Anyone else have any experience with this?


----------



## HoosierShadow (Apr 20, 2010)

Oh wow, I had never heard that about blanketing them all the time. I see blankets on them during the show's to help keep them clean, or some people put 'cold' blankets on to help get their muscles to pop <IMO I think this isn't a good method, JMO>.

I wish I had some advice on waterproofing. I'm curious what you find out, because I would like to eventually try making some blankets at some point in case we ever need them.

Good Luck!


----------



## ThreeHavens (Oct 20, 2011)

I don't know much about the hide, but what I do know is that blanketing a goat all of the time will hinder their ability to warm themselves and damage their coats. Now I am a dairy goat raiser, so again, totally different ball game. But just coming from a health perspective, it isn't something I would personally do ...


----------



## redhillgirl (Mar 23, 2013)

Thanks for the input. I thought the purpose of the blanket was just to keep them clean too. That's why I usually just slide an old T-shirt on once they're all cleaned up for the show. Just to clarify these are market shows. Her explanation made sense at the time. We are removing a significant amount of hair at the beginning of show season. The blankets protect from the sun as well as the wind or cold, holding moisture in. When she said this I pictured my Granny's feet. She's 97 and has never gone barefoot, even in the house. Her feet are soft and smooth like a baby's. I'm no where near that old and mine are dry and calloused from going barefoot and wearing sandals all the time. 

These aren't thick blankets really for lots of warmth and when I said "all the time" I meant for the duration of the show season. As opposed to just a couple days at show time. 

Thanks again for the replies.


----------



## Dani-1995 (Mar 11, 2011)

I never blanket goats unless it cold or the pen at the show is muddy. I have some from a lady who makes them... They aren't too expensive and come in tons of colors/styles. Let me see if I can find her website to post... I know she has mearsurement and weights so you know what size. You may be able to use it as a guide for your own patterns

I only use blankets when needed because they make the hair lay funny, make the goats skin feel odd since it drains it of natural oils and smothers the skin and when you do take the blanket off the goats skin is likely going to pink... I prefer mine to be a dark hide since it shows the muscle better than a pink goat that never gets sunlight. 

The way I see it is they are goats. Blanketing is not going to change the structure of your goat or make it a winner... That comes down to feeding and excercising. If you want to protect the coat and skin I suggest washing and providing shade. Gats have a fairly thick hide so I personally don't see the benefit. 
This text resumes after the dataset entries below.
(* With S = a + b + c + d + a b, the left-hand side equals
     S - 1 + (a + c - a d)^2 / ((a + c) (a + c + d)) + (b + d - b c)^2 / ((b + d) (b + c + d)),
   so E = tau S - 1 + (two nonnegative fractions), where tau = (7 - 3 sqrt 5)/2.  If tau S > 1 we
   are done.  Otherwise S <= 1/tau = (7 + 3 sqrt 5)/2, and each fraction u^2 / (A A') is bounded
   below by (2 n u - n^2 A) / A', the tangent of u^2/A, for a slope n that depends linearly on
   the variables and is exact at the equality point.  The numerator of the resulting lower bound
   is a polynomial, and its nonnegativity on this region, with equality only at the equality
   point, is witnessed by an explicit Positivstellensatz certificate over Q(sqrt 5). *)

lemma sqrt5_bounds: "2236067/1000000 < sqrt (5::real)" "sqrt (5::real) < 2236068/1000000"
  by (rule real_less_rsqrt real_less_lsqrt; simp add: power2_eq_square)+

lemma fraction_sum_decomposition:
  fixes a b c d :: real
  assumes "a + c \<noteq> 0" "a + c + d \<noteq> 0" "b + d \<noteq> 0" "b + c + d \<noteq> 0"
  shows "d * (a + 1) * (c + d - 1) / (a + c + d) + c * (a + c - a * d) / (a + c) + a
      + b * (a * b + a * d + b * c) / (b + d) + (1 + b) * (b + d - b * c) / (b + c + d)
    = (a + b + c + d + a * b) - 1
      + (a + c - a * d)^2 / ((a + c) * (a + c + d)) + (b + d - b * c)^2 / ((b + d) * (b + c + d))"
proof -
  define A A' B B' where "A = a + c" and "A' = a + c + d" and "B = b + d" and "B' = b + c + d"
  have "A \<noteq> 0" "A' \<noteq> 0" "B \<noteq> 0" "B' \<noteq> 0"
    using assms unfolding A_def A'_def B_def B'_def by simp_all
  then have "d * (a + 1) * (c + d - 1) / A' + c * (a + c - a * d) / A + a
      + b * (a * b + a * d + b * c) / B + (1 + b) * (b + d - b * c) / B'
    = (a + b + c + d + a * b) - 1 + (a + c - a * d)^2 / (A * A') + (b + d - b * c)^2 / (B * B')"
    by (simp add: field_simps) (simp only: A_def A'_def B_def B'_def, algebra)
  then show ?thesis
    unfolding A_def A'_def B_def B'_def .
qed

definition excess :: "real \<Rightarrow> real \<Rightarrow> real \<Rightarrow> real \<Rightarrow> real" where
  "excess a b c d = (7 - 3 * sqrt 5) / 2 * (a + b + c + d + a * b) - 1
     + (a + c - a * d)^2 / ((a + c) * (a + c + d)) + (b + d - b * c)^2 / ((b + d) * (b + c + d))"

lemma excess_at_golden_point: "excess ((sqrt 5 - 1) / 2) ((sqrt 5 - 1) / 2) 1 1 = 0"
proof -
  define s :: real where "s = sqrt 5"
  define g where "g = (s - 1) / 2"
  have s2: "s * s = 5" and "0 < s"
    unfolding s_def by simp_all
  have "(7 - 3 * s) / 2 * (g + g + 1 + 1 + g * g) = 5 - 2 * s + (s * s - 5) * (1 - 3 * s) / 8"
    unfolding g_def by (simp add: field_simps)
  then have S: "(7 - 3 * s) / 2 * (g + g + 1 + 1 + g * g) = 5 - 2 * s"
    using s2 by simp
  have "(g + 1) * (g + 1 + 1) = s + 2 + (s * s - 5) / 4"
    unfolding g_def by (simp add: field_simps)
  then have "(g + 1) * (g + 1 + 1) = s + 2"
    using s2 by simp
  moreover have "(s - 2) * (s + 2) = 1"
    using s2 by (simp add: algebra_simps)
  ultimately have U: "(g + 1 - g * 1)^2 / ((g + 1) * (g + 1 + 1)) = s - 2"
    using \<open>0 < s\<close> by (simp add: field_simps)
  show ?thesis
    unfolding excess_def s_def[symmetric] g_def[symmetric] S U by simp
qed

lemma square_div_ge_tangent:
  fixes u n A A' :: real
  assumes "0 < A" "0 < A'"
  shows "(2 * n * u - n^2 * A) / A' \<le> u^2 / (A * A')"
proof -
  have "u^2 / (A * A') - (2 * n * u - n^2 * A) / A' = (u - n * A)^2 / (A * A')"
    using assms by (simp add: field_simps power2_eq_square)
  moreover have "0 \<le> (u - n * A)^2 / (A * A')"
    using assms by simp
  ultimately show ?thesis by linarith
qed

(* Sixteen times the tangent slope.  At the equality point the slope is (s - 1)/2, which is the
   ratio (a + c - a d)/(a + c) there, so the tangent bound is exact at that point. *)
definition slope_numerator :: "real \<Rightarrow> real \<Rightarrow> real \<Rightarrow> real \<Rightarrow> real" where
  "slope_numerator s a c d = 9 * (s - 1) - 2 * a + 2 * c - 2 * d"

definition tangent_bound_numerator :: "real \<Rightarrow> real \<Rightarrow> real \<Rightarrow> real \<Rightarrow> real \<Rightarrow> real" where
  "tangent_bound_numerator s a b c d =
     (a + c + d) * (b + c + d) * (128 * (7 - 3 * s) * (a + b + c + d + a * b) - 256)
     + (b + c + d) * (32 * slope_numerator s a c d * (a + c - a * d)
                      - (slope_numerator s a c d)^2 * (a + c))
     + (a + c + d) * (32 * slope_numerator s b d c * (b + d - b * c)
                      - (slope_numerator s b d c)^2 * (b + d))"

lemma tangent_bound_le_excess:
  fixes a b c d :: real
  assumes "0 \<le> a" "0 \<le> b" "1 \<le> c" "1 \<le> d"
  shows "tangent_bound_numerator (sqrt 5) a b c d / (256 * (a + c + d) * (b + c + d))
    \<le> excess a b c d"
proof -
  define m m' where "m = slope_numerator (sqrt 5) a c d" and "m' = slope_numerator (sqrt 5) b d c"
  define A' B' where "A' = a + c + d" and "B' = b + c + d"
  have pos: "0 < a + c" "0 < A'" "0 < b + d" "0 < B'"
    using assms unfolding A'_def B'_def by linarith+
  have "tangent_bound_numerator (sqrt 5) a b c d / (256 * A' * B')
      = (7 - 3 * sqrt 5) / 2 * (a + b + c + d + a * b) - 1
        + (2 * (m / 16) * (a + c - a * d) - (m / 16)^2 * (a + c)) / A'
        + (2 * (m' / 16) * (b + d - b * c) - (m' / 16)^2 * (b + d)) / B'"
    using pos unfolding tangent_bound_numerator_def m_def[symmetric] m'_def[symmetric]
      A'_def[symmetric] B'_def[symmetric]
    by (simp add: field_simps power2_eq_square)
  also have "\<dots> \<le> excess a b c d"
    using square_div_ge_tangent[OF pos(1,2), of "m / 16" "a + c - a * d"]
      square_div_ge_tangent[OF pos(3,4), of "m' / 16" "b + d - b * c"]
    unfolding excess_def A'_def B'_def by linarith
  finally show ?thesis unfolding A'_def B'_def .
qed

(* Here p, q, x, y are 2 a, 2 b, c, d shifted to the equality point (p = 2 a - s + 1, x = c - 1, ...),
   and P, Q, R, T stand for the nonnegative quantities 2 a, 2 b, 2 (7 + 3 s) - 4 S and
   3 s + 7 - 2 c - 2 d.  Each summand is a coefficient that is positive for s = sqrt 5, times a
   product of x, y, P, Q, R, T, times a square. *)
definition certificate_remainder ::
    "real \<Rightarrow> real \<Rightarrow> real \<Rightarrow> real \<Rightarrow> real \<Rightarrow> real \<Rightarrow> real \<Rightarrow> real \<Rightarrow> real \<Rightarrow> real" where
  "certificate_remainder s p q x y P Q R T =
    754816 * (-60616*y + 20906*y^2 - 60616*x - 115010*x*y + 20906*x^2 + 56059*q + 55035*q*y + 88034*q*x + 56059*p + 88034*p*y + 55035*p*x + 32768*p*q)^2 +
    120056 * (-10296*y + 39338*y^2 - 51726*x - 66730*x*y - 42846*x^2 - 299*q + 14240*q*y - 14800*q*x + 47703*p + 118433*p*y + 65536*p*x)^2 +
    862080 * (35970*y + 61486*y^2 - 33854*x + 2578*x*y - 61110*x^2 - 20809*q - 5645*q*y - 66160*q*x + 19786*p + 65536*p*y)^2 +
    369440 * (-25394*y - 20032*y^2 - 5656*x - 31996*x*y + 19476*x^2 + 25144*q + 26233*q*y + 65536*q*x + 1380*p)^2 +
    48792 * (9940*y + 27828*y^2 - 32054*x - 27612*x*y - 32326*x^2 + 9657*q + 65536*q*y - 309*p)^2 +
    253576 * (71760*y + 101458*y^2 + 74932*x + 183118*x*y + 131072*x^2 - 13012*q - 12801*p)^2 +
    541216 * (18930*y + 38769*y^2 + 14777*x + 65536*x*y - 5003*q - 5279*p)^2 +
    54288 * (34726*y + 131072*y^2 + 20686*x + 2005*q + 1071*p)^2 +
    93688 * x * (-23072*y + 7976*x - 687*q + 65536*p)^2 +
    2021632 * x * (-5781*y + 1884*x + 16384*q)^2 +
    1748736 * x * (5319*y + 32768*x)^2 +
    1586595278880768 * x * y^2 +
    126360 * y * (7474*y - 22942*x - 509*q + 65536*p)^2 +
    374720 * y * (4028*y - 11657*x + 32768*q)^2 +
    380928 * y * (12209*y + 65536*x)^2 +
    1820928694550528 * y * y^2 +
    11732 * P * (38626*y - 1320*x + 19589*q + 65536*p)^2 +
    764800 * P * (-2392*y - 3911*x + 16384*q)^2 +
    183168 * P * (-13785*y + 65536*x)^2 +
    747049431597056 * P * y^2 +
    48852 * Q * (-15402*y - 6590*x + 4705*q + 65536*p)^2 +
    45920 * Q * (1678*y + 20743*x + 32768*q)^2 +
    728192 * Q * (-6935*y + 32768*x)^2 +
    751653636538368 * Q * y^2 +
    258894 * R * (-89180*y - 70244*x + 29247*q + 65536*p)^2 +
    829328 * R * (-19008*y - 36107*x + 32768*q)^2 +
    2775040 * R * (1455*y + 8192*x)^2 +
    180354266693632 * R * y^2 +
    25180 * T * (-56532*y - 18910*x + 14679*q + 65536*p)^2 +
    95664 * T * (-3289*y - 27529*x + 32768*q)^2 +
    10552320 * T * (-3299*y + 8192*x)^2 +
    593323962138624 * T * y^2 +
    9616 * P*x * (254560*y - 589338*x - 186917*q + 65536*p)^2 +
    1797632 * P*x * (-11505*y + 24381*x + 16384*q)^2 +
    1398848 * P*x * (-1097*y + 32768*x)^2 +
    639915767365632 * P*x * y^2 +
    153856 * P*y * (33749*y + 18665*x + 3991*q + 16384*p)^2 +
    1367552 * P*y * (28531*y - 11431*x + 16384*q)^2 +
    144480 * P*y * (-6469*y + 65536*x)^2 +
    1750147633512448 * P*y * y^2 +
    344176 * Q*x * (-21694*y + 58521*x + 892*q + 32768*p)^2 +
    38208 * Q*x * (42899*y + 53598*x + 32768*q)^2 +
    1635584 * Q*x * (-1143*y + 32768*x)^2 +
    618406571147264 * Q*x * y^2 +
    762336 * Q*y * (71156*y - 31883*x - 4716*q + 32768*p)^2 +
    22672 * Q*y * (-155594*y + 61651*x + 32768*q)^2 +
    38244352 * Q*y * (-321*y + 4096*x)^2 +
    1498015873368064 * Q*y * y^2 +
    908696 * P*Q * (21339*y + 9928*x + 24896*q + 32768*p)^2 +
    24586752 * P*Q * (-1858*y + 4079*x + 4096*q)^2 +
    1112832 * P*Q * (-23533*y + 32768*x)^2 +
    578583634378752 * P*Q * y^2 +
    1128528 * T*x * (-31890*y + 25135*x - 3*q + 32768*p)^2 +
    1636320 * T*x * (-32429*y - 16172*x + 32768*q)^2 +
    4915392 * T*x * (503*y + 32768*x)^2 +
    677848918523904 * T*x * y^2 +
    1644704 * T*y * (-16091*y - 32262*x - 2*q + 32768*p)^2 +
    1136928 * T*y * (24948*y - 31657*x + 32768*q)^2 +
    170528 * T*y * (7041*y + 65536*x)^2 +
    5312908904890368 * T*y * y^2 +
    2330624 * x*y * (32768 + 31612*y + 31612*x - 12659*q - 12659*p)^2 +
    3292448 * x*y * (7204*y - 21436*x - 23183*q + 32768*p)^2 +
    1644416 * x*y * (-32715*y - 15941*x + 32768*q)^2 +
    6139264 * x*y * (-13041*y + 32768*x)^2 +
    5547998234804224 * x*y * y^2 +
    572982997024768 * x*y*P +
    572982997024768 * x*y*Q +
    515361715781632 * x*y*R +
    204062486167552 * x*x*R +
    204062486167552 * y*y*R +
    483922555174912 * x*y*T +
    38626 * P*T * (8882*y - 83818*x + 126349*q + 65536*p)^2 +
    194656 * P*T * (1834*y - 35095*x + 32768*q)^2 +
    154296 * P*T * (-44333*y + 65536*x)^2 +
    310921272492032 * P*T * y^2 +
    768920 * Q*T * (-25119*y + 2185*x + 12694*q + 32768*p)^2 +
    39112 * Q*T * (25753*y + 905*x + 32768*q)^2 +
    572000 * Q*T * (-23917*y + 32768*x)^2 +
    335488485425152 * Q*T * y^2 +
    4586 * T*T * (-164612*y + 75626*x + 14533*q + 65536*p)^2 +
    69760 * T*T * (29482*y - 47691*x + 16384*q)^2 +
    89000 * T*T * (-53933*y + 65536*x)^2 +
    123385820479488 * T*T * y^2 +
    (4522497115794748 - 2020535360147684*s) * (p*q)^2 +
    17930030572928 * (p*x)^2 +
    17906639446792 * (p*y)^2 +
    17898901413576 * (q*x)^2 +
    17999515133112 * (q*y)^2 +
    71908745143904 * (x^2)^2 +
    72298507348352 * (x*y)^2 +
    71996772182208 * (y^2)^2 +
    (38146310675628032*s - 85279674805731912) * p^2 +
    (38146334540690428*s - 85279679204573404) * q^2 +
    (1283554698688168752 - 573988290291994928*s) * x^2 +
    (1283553127427497280 - 573990395136377344*s) * y^2 +
    (112905983891283456 - 50484980145389824*s) * x * p^2 +
    (115489947071023616 - 51640376578789584*s) * x * q^2 +
    (47879712952991264 - 21380405082800928*s) * x * x^2 +
    (22422017835429056 - 9995042257119808*s) * x * y^2 +
    (115489836573613936 - 51640503451516928*s) * y * p^2 +
    (112906071831482856 - 50485038992518056*s) * y * q^2 +
    (22421052165547776 - 9994754402358432*s) * y * x^2 +
    (47880574739063072 - 21380507950238912*s) * y * y^2 +
    (1121854047649792 - 497692220325888*s) * P * p^2 +
    (6372904247727210*s - 14241465453078858) * P * q^2 +
    (226732101234581016 - 101382108576002728*s) * P * x^2 +
    (362403729081867280 - 162056065783766864*s) * P * y^2 +
    (6372946554126336*s - 14241459460898816) * Q * p^2 +
    (1121876653502476 - 497694423880224*s) * Q * q^2 +
    (362403374190310256 - 162055858607988768*s) * Q * x^2 +
    (226732406293108992 - 101381928319687360*s) * Q * y^2 +
    4501125726208 * R * p^2 +
    4515622931378 * R * q^2 +
    (54043195528445952*s - 120826486482764704) * R * x^2 +
    (54043195528445952*s - 120826296339933016) * R * y^2 +
    9019431321600 * P*x * p^2 +
    (60431234154751044 - 27021597764222976*s) * P*x * q^2 +
    36521412013840 * P*x * x^2 +
    36278959651456 * P*x * y^2 +
    9019431321600 * P*y * p^2 +
    (60431218655707508 - 27021597764222976*s) * P*y * q^2 +
    35590302611408 * P*y * x^2 +
    36058344066624 * P*y * y^2 +
    (60431172468473856 - 27021597764222976*s) * Q*x * p^2 +
    9021929811904 * Q*x * q^2 +
    36028285949040 * Q*x * x^2 +
    35965280015648 * Q*x * y^2 +
    (60431139517497344 - 27021597764222976*s) * Q*y * p^2 +
    9022578510016 * Q*y * q^2 +
    36213750685392 * Q*y * x^2 +
    36263448318336 * Q*y * y^2 +
    9022056934144 * T*x * p^2 +
    8947045352552 * T*x * q^2 +
    35961136671824 * T*x * x^2 +
    36222599817152 * T*x * y^2 +
    (2712797507012396576 - 1213168907955413216*s) * x*y +
    (542278204028218512 - 242497914267533904*s) * x*y*P +
    (542278315826323488 - 242498228565735520*s) * x*y*Q +
    (108086391056891904*s - 241670344611268352) * x*y*R +
    (12851030857718441 - 5745126155624831*s) * (4*x + p*q)^2 +
    (12851038336366619 - 5745137366338973*s) * (4*y + p*q)^2 +
    (1546696042070880 - 683722945855488*s) * (q + p)^2 +
    (843711583092736*s - 1868673175444992) * (2*x + p)^2 +
    (1829297430944608 - 809940225359872*s) * (2*y + p)^2 +
    (1829215597596276 - 810015408016532*s) * (2*x + q)^2 +
    (843741957273328*s - 1868607064191192) * (2*y + q)^2"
I agree with Candice on the icing goats. Like I said, goats are pretty thick hided so I don't think it would actually get down to the muscle... Samething with the tightening sprays... All your doing is irritating your animal


----------



## redhillgirl (Mar 23, 2013)

Ok. Thanks. It's good to get others input. Like I mentioned I've never used blankets, just old T-shirts to keep them clean on the ride to the show. Since I ran out and bought the fabric I'm gonna go ahead and make a few. I've got a good pattern now to go by. I think I'll try a thin coating of the polyacrylic. The scrap piece I coated with linseed oil was dry today but still had a very strong odor. I don't want to draw ants that's for sure.


----------



## sweetgoats (Oct 18, 2007)

Kaneel said:


> I don't think the linseed oil would be.. good. I use it to oil my doe's horns, and it does not dry, like ever. It stayed wet on the rag for a good week or two, even after that it was still grimy. Plus it attracts ants like crazy, they love the stuff. Not sure about that other stuff though


 I would NOT put oil on your goats horns. A lot of us use to do that YEARS ago and we noticed one doe not acting right. Vet was called in to show and found out they had oil on the horns and the goat was over heated. The horns are to release their body heat since they do not sweat, and this goat was not able to release her body heat because the horn had the oil on them and they were blocking all the poor's on the horn. She had to be taken outside of the tent and we had to cool her down starting at her feet working up to the shoulders and we had to get soap and water to get the oil off the horns. 
She was fine after that.


----------



## BrokenArrowRanch (Jun 6, 2013)

I buy waterproofing spray for tents at walmart and use it on my horse blankets before every winter. The blankets are supposed to be waterproof but it never hurts!


----------



## redhillgirl (Mar 23, 2013)

BrokenArrowRanch said:


> I buy waterproofing spray for tents at walmart and use it on my horse blankets before every winter. The blankets are supposed to be waterproof but it never hurts!


Oh flashback. I haven't been camping since I was little. I forgot all about that stuff. Thanks for the reminder.


----------



## BrokenArrowRanch (Jun 6, 2013)

Not a problem. Hope it works on your blankets!


----------